Since the THCGME Consortium is a new model for WCGME, all of us individually and collectively
are continuously learning. Aside from THC residents, there are approximately 30 to 40 other engaged
stakeholders and champions who have attended quarterly PA IPIP Residency/CHC training collaboratives,
and all engaged clinic continuity sites are engaged in the process of NCQA application guided medical home
evolution. The most critical indicators have been met or exceeded and the innovative energy of the
Consortium itself and the medical education community is incredibly positive.

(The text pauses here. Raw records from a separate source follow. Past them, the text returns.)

(* Let $c\ge2$, $d\ge c$. Let $\mathbb E\Gamma=[\mathbb E\gamma_1,\dots,\mathbb E\gamma_c]\in\mathbb R^{d\times c}$ and server vectors $\gamma_1,\dots,\gamma_c\in\mathbb R^d$, let $\hat{\mathcal P}$ be an affine subspace of $\mathbb R^d$, $\Pi_{\hat{\mathcal P}}(\Gamma)=[\Pi_{\hat{\mathcal P}}(\gamma_1),\dots,\Pi_{\hat{\mathcal P}}(\gamma_c)]$ and $\Delta\Gamma=\Pi_{\hat{\mathcal P}}(\Gamma)-\mathbb E\Gamma$. Assume the $(c-1)$-th largest singular value of $\mathbb E\Gamma\,(I-\frac1c\mathbf 1\mathbf 1^\top)$ is at least $\sigma_s$, and that $\|\Delta\Gamma\|_2<\sigma_s$ (spectral norm). Let $g_h\in\mathbb R^d$ and $\mathbb Eg_h\in\mathbb R^d$, let $p_h\in\mathbb R^c$ be a probability vector with $\mathbb E\Gamma\,p_h=\mathbb Eg_h$, and let $\hat p_h\in\mathbb R^c$ satisfy $\Pi_{\hat{\mathcal P}}(\Gamma)\hat p_h=\Pi_{\hat{\mathcal P}}(g_h)$ and $\mathbf 1^\top\hat p_h=1$. Writing $\Delta g_h=\Pi_{\hat{\mathcal P}}(g_h)-\mathbb Eg_h$, $$\|\hat p_h-p_h\|_2\le\frac{\|\Delta g_h\|_2+\sqrt2\,\|\Delta\Gamma\|_2}{\sigma_s-\|\Delta\Gamma\|_2}.$$
   Context: For an affine subspace $\mathcal P=\{U\lambda+m\}$ ($U$ with orthonormal columns), $\Pi_{\mathcal P}(w)=UU^\top(w-m)+m$ is its orthogonal projection. $\mathbf 1\in\mathbb R^c$ is the all-ones vector. *)

theory Defs
  imports "HOL-Analysis.Analysis" "HOL-Computational_Algebra.Polynomial"
begin

definition charpoly :: "real^'n^'n \<Rightarrow> real poly" where
  "charpoly M = det (\<chi> i j. (if i = j then [:0, 1:] else 0) - [:M $ i $ j:])"

definition eigenvalues_desc :: "real^'n^'n \<Rightarrow> real list" where
  "eigenvalues_desc M = rev (sorted_list_of_multiset (proots (charpoly M)))"

text \<open>k-th largest singular value (k counted from 1) of a matrix A:
  square root of the k-th largest eigenvalue of A^T A.\<close>
definition singular_value :: "real^'c^'d \<Rightarrow> nat \<Rightarrow> real" where
  "singular_value A k = sqrt (eigenvalues_desc (transpose A ** A) ! (k - 1))"

definition spec_norm :: "real^'c^'d \<Rightarrow> real" where
  "spec_norm A = onorm (\<lambda>x. A *v x)"

text \<open>Orthogonal projection onto the affine subspace {U \<lambda> + m}, U with orthonormal columns.\<close>
definition aff_proj :: "real^'k^'d \<Rightarrow> real^'d \<Rightarrow> real^'d \<Rightarrow> real^'d" where
  "aff_proj U m w = U *v (transpose U *v (w - m)) + m"

definition aff_proj_mat :: "real^'k^'d \<Rightarrow> real^'d \<Rightarrow> real^'c^'d \<Rightarrow> real^'c^'d" where
  "aff_proj_mat U m G = (\<chi> i j. aff_proj U m (column j G) $ i)"

definition centering :: "real^'c^'c" where
  "centering = mat 1 - (\<chi> i j. 1 / real CARD('c))"

end

theory Submission
  imports Defs
begin

text \<open>Put \<open>q = p_hat - p_h\<close>, so that \<open>\<one>\<^sup>T q = 0\<close>, and \<open>T = EG (I - \<one>\<one>\<^sup>T/c)\<close>, so that \<open>T \<one> = 0\<close>
  and \<open>T q = EG q\<close>. The self-adjoint map \<open>T\<^sup>T T\<close> has an orthonormal eigenbasis containing
  \<open>\<one>/\<surd>c\<close> (spectral theorem, by maximising the Rayleigh quotient on invariant subspaces). Its
  eigenvalues are \<open>\<ge> 0\<close> and \<open>\<one>\<close> carries the eigenvalue \<open>0\<close>, so the other basis vectors carry
  eigenvalues at least the \<open>(c-1)\<close>-th largest one, which is \<open>\<ge> \<sigma>\<^sub>s\<^sup>2\<close>; expanding \<open>q \<perp> \<one>\<close> in
  the basis gives \<open>\<sigma>\<^sub>s \<parallel>q\<parallel> \<le> \<parallel>EG q\<parallel>\<close>. Finally \<open>EG q = \<Delta>g\<^sub>h - \<Delta>\<Gamma> p_hat\<close> and
  \<open>\<parallel>p_hat\<parallel> \<le> \<parallel>p_h\<parallel> + \<parallel>q\<parallel> \<le> 1 + \<parallel>q\<parallel>\<close>, whence \<open>(\<sigma>\<^sub>s - \<parallel>\<Delta>\<Gamma>\<parallel>\<^sub>2) \<parallel>q\<parallel> \<le> \<parallel>\<Delta>g\<^sub>h\<parallel> + \<parallel>\<Delta>\<Gamma>\<parallel>\<^sub>2\<close>.
  So the factor \<open>\<surd>2\<close> is slack.\<close>

definition orthonormal_eigenbasis :: "('a::real_inner \<Rightarrow> 'a) \<Rightarrow> 'a set \<Rightarrow> 'a set \<Rightarrow> bool" where
  "orthonormal_eigenbasis f S B \<longleftrightarrow> B \<subseteq> S \<and> pairwise orthogonal B \<and>
     (\<forall>b\<in>B. norm b = 1 \<and> f b = (b \<bullet> f b) *\<^sub>R b) \<and> span B = S"

lemma linear_coeff_zero_if_quadratic_nonpos:
  fixes a b :: real
  assumes "\<And>t. 2*t*a + t^2*b \<le> 0"
  shows "a = 0"
proof (rule ccontr)
  assume a: "a \<noteq> 0"
  define D where "D = 1 + \<bar>b\<bar>"
  have D: "D > 0" "2*D + b > 0" unfolding D_def by auto
  define t where "t = a / D"
  have "2*t*a + t^2*b = a^2*(2*D+b)/D^2"
    using D by (simp add: t_def power2_eq_square field_simps)
  moreover have "a^2*(2*D+b)/D^2 > 0" using a D by (intro divide_pos_pos mult_pos_pos) auto
  moreover have "2*t*a + t^2*b \<le> 0" by (rule assms)
  ultimately show False by linarith
qed

lemma rayleigh_quotient_attains_max:
  fixes f :: "'a::euclidean_space \<Rightarrow> 'a"
  assumes lin: "linear f" and S: "subspace S" "S \<noteq> {0}"
  obtains v where "v \<in> S" "norm v = 1" "\<And>x. x \<in> S \<Longrightarrow> x \<bullet> f x \<le> (v \<bullet> f v) * (x \<bullet> x)"
proof -
  define K where "K = S \<inter> sphere 0 1"
  have normalize_in_K: "x /\<^sub>R norm x \<in> K" if "x \<in> S" "x \<noteq> 0" for x
    unfolding K_def using that S(1) subspace_scale by auto
  have "compact K" unfolding K_def
    using closed_subspace[OF S(1)] compact_sphere closed_Int_compact by blast
  moreover have "K \<noteq> {}" using S subspace_0 normalize_in_K by blast
  moreover have "continuous_on K (\<lambda>x. x \<bullet> f x)"
    by (intro continuous_intros linear_continuous_on linear_conv_bounded_linear[THEN iffD1] lin)
  ultimately obtain v where vK: "v \<in> K" and vmax: "\<And>y. y \<in> K \<Longrightarrow> y \<bullet> f y \<le> v \<bullet> f v"
    using continuous_attains_sup by metis
  have "x \<bullet> f x \<le> (v \<bullet> f v) * (x \<bullet> x)" if "x \<in> S" for x
  proof (cases "x = 0")
    case True then show ?thesis using linear_0[OF lin] by simp
  next
    case False
    have "(x /\<^sub>R norm x) \<bullet> f (x /\<^sub>R norm x) \<le> v \<bullet> f v"
      using vmax normalize_in_K[OF that False] by blast
    hence "(x \<bullet> f x) / (x \<bullet> x) \<le> v \<bullet> f v"
      by (simp add: linear_scale[OF lin] power2_eq_square divide_simps flip: power2_norm_eq_inner)
    moreover have "x \<bullet> x > 0" using False by simp
    ultimately show ?thesis by (simp add: divide_le_eq mult.commute)
  qed
  then show thesis using that vK unfolding K_def by auto
qed

text \<open>First variation: along \<open>v + t w\<close> the defect of the Rayleigh inequality is a quadratic in
  \<open>t\<close> with a maximum at \<open>t = 0\<close>, so its linear coefficient \<open>w \<bullet> (f v - \<lambda> v)\<close> vanishes.\<close>
lemma rayleigh_maximizer_is_eigenvector:
  fixes f :: "'a::real_inner \<Rightarrow> 'a"
  assumes lin: "linear f" and sa: "\<And>x y. f x \<bullet> y = x \<bullet> f y"
    and S: "subspace S" "f ` S \<subseteq> S" and v: "v \<in> S" "norm v = 1"
    and max: "\<And>x. x \<in> S \<Longrightarrow> x \<bullet> f x \<le> (v \<bullet> f v) * (x \<bullet> x)"
  shows "f v = (v \<bullet> f v) *\<^sub>R v"
proof -
  define l where "l = v \<bullet> f v"
  have vv: "v \<bullet> v = 1" using v(2) by (simp add: norm_eq_1)
  have orth: "w \<bullet> (f v - l *\<^sub>R v) = 0" if wS: "w \<in> S" for w
  proof -
    have "2*t*(w \<bullet> (f v - l *\<^sub>R v)) + t^2*(w \<bullet> f w - l * (w \<bullet> w)) \<le> 0" for t
    proof -
      have "v + t *\<^sub>R w \<in> S" using S(1) v(1) wS subspace_add subspace_scale by blast
      from max[OF this]
      have "(v + t *\<^sub>R w) \<bullet> f (v + t *\<^sub>R w) \<le> l * ((v + t *\<^sub>R w) \<bullet> (v + t *\<^sub>R w))"
        by (simp add: l_def)
      moreover have "v \<bullet> f w = w \<bullet> f v" using sa[of v w] by (simp add: inner_commute)
      ultimately show ?thesis
        by (simp add: linear_add[OF lin] linear_scale[OF lin] inner_add inner_commute
            power2_eq_square algebra_simps vv l_def)
    qed
    then show ?thesis by (rule linear_coeff_zero_if_quadratic_nonpos)
  qed
  have "f v - l *\<^sub>R v \<in> S" using S v(1) subspace_diff subspace_scale by blast
  from orth[OF this] show ?thesis by (simp add: l_def)
qed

The amazing THC residents,
engaged patients, and provider staff, along with the steadfast commitment of WCGME and the Consortium
will accelerate successful implementation of activities committed by the original grant work plans.
Continued wholesome participation of the THC residents and leadership from all Consortium CHCs in the
PA IPIP Residency/CHC Collaborative will provide infrastructure for successful transformation and NCQA
Medical Home designation as well.
Reflectively, the infrastructure, guiding rails, and long-lasting pavement with lane-lines for the
WCGME “Teaching Health Center Highway to Keep Primary Care GME Services Relevant to Community
Health” are now securely in place with the THC residents now engaged in their dual established academic
and safety net learning environments as engineered in the initial THC application, implemented in FY2011
and expanded in FY2012. Patient traffic is flowing. The manner in which this “highway” has been planned,
built, and implemented with HRSA's inspiration and the engagement of incredible partnering FQHCs, our
regional VA and M&FHS partners meets and exceeds the expectations of the HRSA RFP and WCGME
GME Consortium's tactical and strategic planning process. Our THCGME Consortium partners are
confident that our much vested THC residents and patients will guide our way and keep all of our efforts
relevant and rooted in academic excellence.